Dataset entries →
(* Consider a CoMP BC under the finite-field model over $\mathbb F_q$ with connectivity matrix $\mathbf M\in\{0,*\}^{K\times B}$. Then for every prime power $q$, $C_\Sigma^{\mathrm{NS}}(q)\ge \operatorname{tri}(\mathbf M)\log_2 q$, and $d_\Sigma^{\mathrm{NS}}\ge\operatorname{tri}(\mathbf M)$.
   Context: CoMP BC, finite-field model: $B$ transmit antennas, $K$ receivers, connectivity $\mathbf M\in\{0,*\}^{K\times B}$. At use $\tau$ the transmitter sends $X^{(\tau)}\in\mathbb F_q^B$ and Rx-$k$ observes $(Y_k^{(\tau)},(G_{kj}^{(\tau)})_j)$, $Y_k^{(\tau)}=\sum_jG_{kj}^{(\tau)}X_j^{(\tau)}$; coefficients mutually independent over $k,j,\tau$ and of the messages, uniform on $\mathbb F_q^\times$ if $M_{kj}=*$, else $0$. Messages $W_k$ independent, uniform on finite $\mathcal M_k$. A $\kappa$-partite NS box is a conditional pmf of outputs given inputs (finite output alphabets) whose output marginals for any subset of parties depend only on those parties' inputs. An NS-assisted scheme is a $(K+1)$-partite NS box where the transmitter inputs $(W_1,\dots,W_K)$ and obtains the channel input sequence, and Rx-$k$ inputs its channel output sequence and obtains $\hat W_k$; joint law = uniform message pmf $\times$ box $\times$ channel. Rates are achievable if some sequence of schemes has vanishing $\max_k\Pr(\hat W_k\ne W_k)$ and $\lim\frac1n\log_2|\mathcal M_k|\ge R_k$; $C_\Sigma^{\mathrm{NS}}(q)$ is the maximal sum rate over the closure. A DoF tuple is achievable if for each prime power $q$ some NS-achievable rate tuple has $\lim_q R_k(q)/\log_2q\ge d_k$; $d_\Sigma^{\mathrm{NS}}$ is the maximal sum over the closure. $\mathbf M$ contains a $D$-triangular matrix if after permuting rows and columns it has a $D\times D$ submatrix that is lower triangular with all diagonal entries $*$; $\operatorname{tri}(\mathbf M)$ is the largest such $D$. *)

theory Defs
  imports "HOL-Probability.Probability_Mass_Function" "HOL-Algebra.Ring"
          "HOL-Number_Theory.Prime_Powers" "HOL-Library.FuncSet"
begin

(* Connectivity matrix: M k j = True means M_kj = *, False means M_kj = 0;
   receivers k < K, antennas j < B.
   Finite field F_q: a HOL-Algebra field structure with finite carrier of
   natural numbers (every finite field is isomorphic to one of these). *)

definition has_tri :: "(nat \<Rightarrow> nat \<Rightarrow> bool) \<Rightarrow> nat \<Rightarrow> nat \<Rightarrow> nat \<Rightarrow> bool" where
  "has_tri M K B D \<longleftrightarrow> (\<exists>r c. inj_on r {..<D} \<and> r ` {..<D} \<subseteq> {..<K} \<and>
      inj_on c {..<D} \<and> c ` {..<D} \<subseteq> {..<B} \<and>
      (\<forall>i<D. M (r i) (c i)) \<and> (\<forall>i<D. \<forall>j<D. i < j \<longrightarrow> \<not> M (r i) (c j)))"

definition tri :: "(nat \<Rightarrow> nat \<Rightarrow> bool) \<Rightarrow> nat \<Rightarrow> nat \<Rightarrow> nat" where
  "tri M K B = Max {D. has_tri M K B D}"

(* A kappa-partite NS box: party i < kappa has input alphabet I i; the box maps
   each input tuple to a pmf on output tuples (only coordinates < kappa matter). *)
definition ns_box :: "nat \<Rightarrow> (nat \<Rightarrow> 'i set) \<Rightarrow> ((nat \<Rightarrow> 'i) \<Rightarrow> (nat \<Rightarrow> 'o) pmf) \<Rightarrow> bool" where
  "ns_box \<kappa> I P \<longleftrightarrow>
     (\<exists>Out. (\<forall>i<\<kappa>. finite (Out i)) \<and>
          (\<forall>a\<in>PiE {..<\<kappa>} I. \<forall>ou\<in>set_pmf (P a). \<forall>i<\<kappa>. ou i \<in> Out i)) \<and>
     (\<forall>S\<subseteq>{..<\<kappa>}. \<forall>a\<in>PiE {..<\<kappa>} I. \<forall>a'\<in>PiE {..<\<kappa>} I.
         (\<forall>i\<in>S. a i = a' i) \<longrightarrow>
         map_pmf (\<lambda>ou. restrict ou S) (P a) = map_pmf (\<lambda>ou. restrict ou S) (P a'))"

(* Party 0 = transmitter, party Suc k = receiver k. *)
datatype party_in = TxIn "nat \<Rightarrow> nat" | RxIn "nat \<Rightarrow> nat" "nat \<Rightarrow> nat \<Rightarrow> nat"
datatype party_out = TxOut "nat \<Rightarrow> nat \<Rightarrow> nat" | RxOut nat

definition msg_set :: "nat \<Rightarrow> (nat \<Rightarrow> nat) \<Rightarrow> (nat \<Rightarrow> nat) set" where
  "msg_set K m = PiE {..<K} (\<lambda>k. {..<m k})"

(* channel input sequences X : tau \<mapsto> j \<mapsto> X_j^(tau) *)
definition chin_set :: "nat ring \<Rightarrow> nat \<Rightarrow> nat \<Rightarrow> (nat \<Rightarrow> nat \<Rightarrow> nat) set" where
  "chin_set F B n = PiE {..<n} (\<lambda>_. PiE {..<B} (\<lambda>_. carrier F))"

(* channel coefficient realisations G : tau \<mapsto> k \<mapsto> j \<mapsto> G_kj^(tau) *)
definition coef_set :: "nat ring \<Rightarrow> (nat \<Rightarrow> nat \<Rightarrow> bool) \<Rightarrow> nat \<Rightarrow> nat \<Rightarrow> nat \<Rightarrow> (nat \<Rightarrow> nat \<Rightarrow> nat \<Rightarrow> nat) set" where
  "coef_set F M K B n = PiE {..<n} (\<lambda>_. PiE {..<K} (\<lambda>k. PiE {..<B} (\<lambda>j.
      if M k j then carrier F - {\<zero>\<^bsub>F\<^esub>} else {\<zero>\<^bsub>F\<^esub>})))"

Problem details → Reproduce the data. Match each line exactly.

Worked solution →
(* Consider a CoMP BC under the finite-field model over $\mathbb F_q$ with connectivity matrix $\mathbf M\in\{0,*\}^{K\times B}$. Then for every prime power $q$, $C_\Sigma^{\mathrm{NS}}(q)\ge \operatorname{tri}(\mathbf M)\log_2 q$, and $d_\Sigma^{\mathrm{NS}}\ge\operatorname{tri}(\mathbf M)$.
   Context: CoMP BC, finite-field model: $B$ transmit antennas, $K$ receivers, connectivity $\mathbf M\in\{0,*\}^{K\times B}$. At use $\tau$ the transmitter sends $X^{(\tau)}\in\mathbb F_q^B$ and Rx-$k$ observes $(Y_k^{(\tau)},(G_{kj}^{(\tau)})_j)$, $Y_k^{(\tau)}=\sum_jG_{kj}^{(\tau)}X_j^{(\tau)}$; coefficients mutually independent over $k,j,\tau$ and of the messages, uniform on $\mathbb F_q^\times$ if $M_{kj}=*$, else $0$. Messages $W_k$ independent, uniform on finite $\mathcal M_k$. A $\kappa$-partite NS box is a conditional pmf of outputs given inputs (finite output alphabets) whose output marginals for any subset of parties depend only on those parties' inputs. An NS-assisted scheme is a $(K+1)$-partite NS box where the transmitter inputs $(W_1,\dots,W_K)$ and obtains the channel input sequence, and Rx-$k$ inputs its channel output sequence and obtains $\hat W_k$; joint law = uniform message pmf $\times$ box $\times$ channel. Rates are achievable if some sequence of schemes has vanishing $\max_k\Pr(\hat W_k\ne W_k)$ and $\lim\frac1n\log_2|\mathcal M_k|\ge R_k$; $C_\Sigma^{\mathrm{NS}}(q)$ is the maximal sum rate over the closure. A DoF tuple is achievable if for each prime power $q$ some NS-achievable rate tuple has $\lim_q R_k(q)/\log_2q\ge d_k$; $d_\Sigma^{\mathrm{NS}}$ is the maximal sum over the closure. $\mathbf M$ contains a $D$-triangular matrix if after permuting rows and columns it has a $D\times D$ submatrix that is lower triangular with all diagonal entries $*$; $\operatorname{tri}(\mathbf M)$ is the largest such $D$. *)

theory Defs
  imports "HOL-Probability.Probability_Mass_Function" "HOL-Algebra.Ring"
          "HOL-Number_Theory.Prime_Powers" "HOL-Library.FuncSet"
begin

(* Connectivity matrix: M k j = True means M_kj = *, False means M_kj = 0;
   receivers k < K, antennas j < B.
   Finite field F_q: a HOL-Algebra field structure with finite carrier of
   natural numbers (every finite field is isomorphic to one of these). *)

definition has_tri :: "(nat \<Rightarrow> nat \<Rightarrow> bool) \<Rightarrow> nat \<Rightarrow> nat \<Rightarrow> nat \<Rightarrow> bool" where
  "has_tri M K B D \<longleftrightarrow> (\<exists>r c. inj_on r {..<D} \<and> r ` {..<D} \<subseteq> {..<K} \<and>
      inj_on c {..<D} \<and> c ` {..<D} \<subseteq> {..<B} \<and>
      (\<forall>i<D. M (r i) (c i)) \<and> (\<forall>i<D. \<forall>j<D. i < j \<longrightarrow> \<not> M (r i) (c j)))"

definition tri :: "(nat \<Rightarrow> nat \<Rightarrow> bool) \<Rightarrow> nat \<Rightarrow> nat \<Rightarrow> nat" where
  "tri M K B = Max {D. has_tri M K B D}"

(* A kappa-partite NS box: party i < kappa has input alphabet I i; the box maps
   each input tuple to a pmf on output tuples (only coordinates < kappa matter). *)
definition ns_box :: "nat \<Rightarrow> (nat \<Rightarrow> 'i set) \<Rightarrow> ((nat \<Rightarrow> 'i) \<Rightarrow> (nat \<Rightarrow> 'o) pmf) \<Rightarrow> bool" where
  "ns_box \<kappa> I P \<longleftrightarrow>
     (\<exists>Out. (\<forall>i<\<kappa>. finite (Out i)) \<and>
          (\<forall>a\<in>PiE {..<\<kappa>} I. \<forall>ou\<in>set_pmf (P a). \<forall>i<\<kappa>. ou i \<in> Out i)) \<and>
     (\<forall>S\<subseteq>{..<\<kappa>}. \<forall>a\<in>PiE {..<\<kappa>} I. \<forall>a'\<in>PiE {..<\<kappa>} I.
         (\<forall>i\<in>S. a i = a' i) \<longrightarrow>
         map_pmf (\<lambda>ou. restrict ou S) (P a) = map_pmf (\<lambda>ou. restrict ou S) (P a'))"

(* Party 0 = transmitter, party Suc k = receiver k. *)
datatype party_in = TxIn "nat \<Rightarrow> nat" | RxIn "nat \<Rightarrow> nat" "nat \<Rightarrow> nat \<Rightarrow> nat"
datatype party_out = TxOut "nat \<Rightarrow> nat \<Rightarrow> nat" | RxOut nat

definition msg_set :: "nat \<Rightarrow> (nat \<Rightarrow> nat) \<Rightarrow> (nat \<Rightarrow> nat) set" where
  "msg_set K m = PiE {..<K} (\<lambda>k. {..<m k})"

(* channel input sequences X : tau \<mapsto> j \<mapsto> X_j^(tau) *)
definition chin_set :: "nat ring \<Rightarrow> nat \<Rightarrow> nat \<Rightarrow> (nat \<Rightarrow> nat \<Rightarrow> nat) set" where
  "chin_set F B n = PiE {..<n} (\<lambda>_. PiE {..<B} (\<lambda>_. carrier F))"

(* channel coefficient realisations G : tau \<mapsto> k \<mapsto> j \<mapsto> G_kj^(tau) *)
definition coef_set :: "nat ring \<Rightarrow> (nat \<Rightarrow> nat \<Rightarrow> bool) \<Rightarrow> nat \<Rightarrow> nat \<Rightarrow> nat \<Rightarrow> (nat \<Rightarrow> nat \<Rightarrow> nat \<Rightarrow> nat) set" where
  "coef_set F M K B n = PiE {..<n} (\<lambda>_. PiE {..<K} (\<lambda>k. PiE {..<B} (\<lambda>j.
      if M k j then carrier F - {\<zero>\<^bsub>F\<^esub>} else {\<zero>\<^bsub>F\<^esub>})))"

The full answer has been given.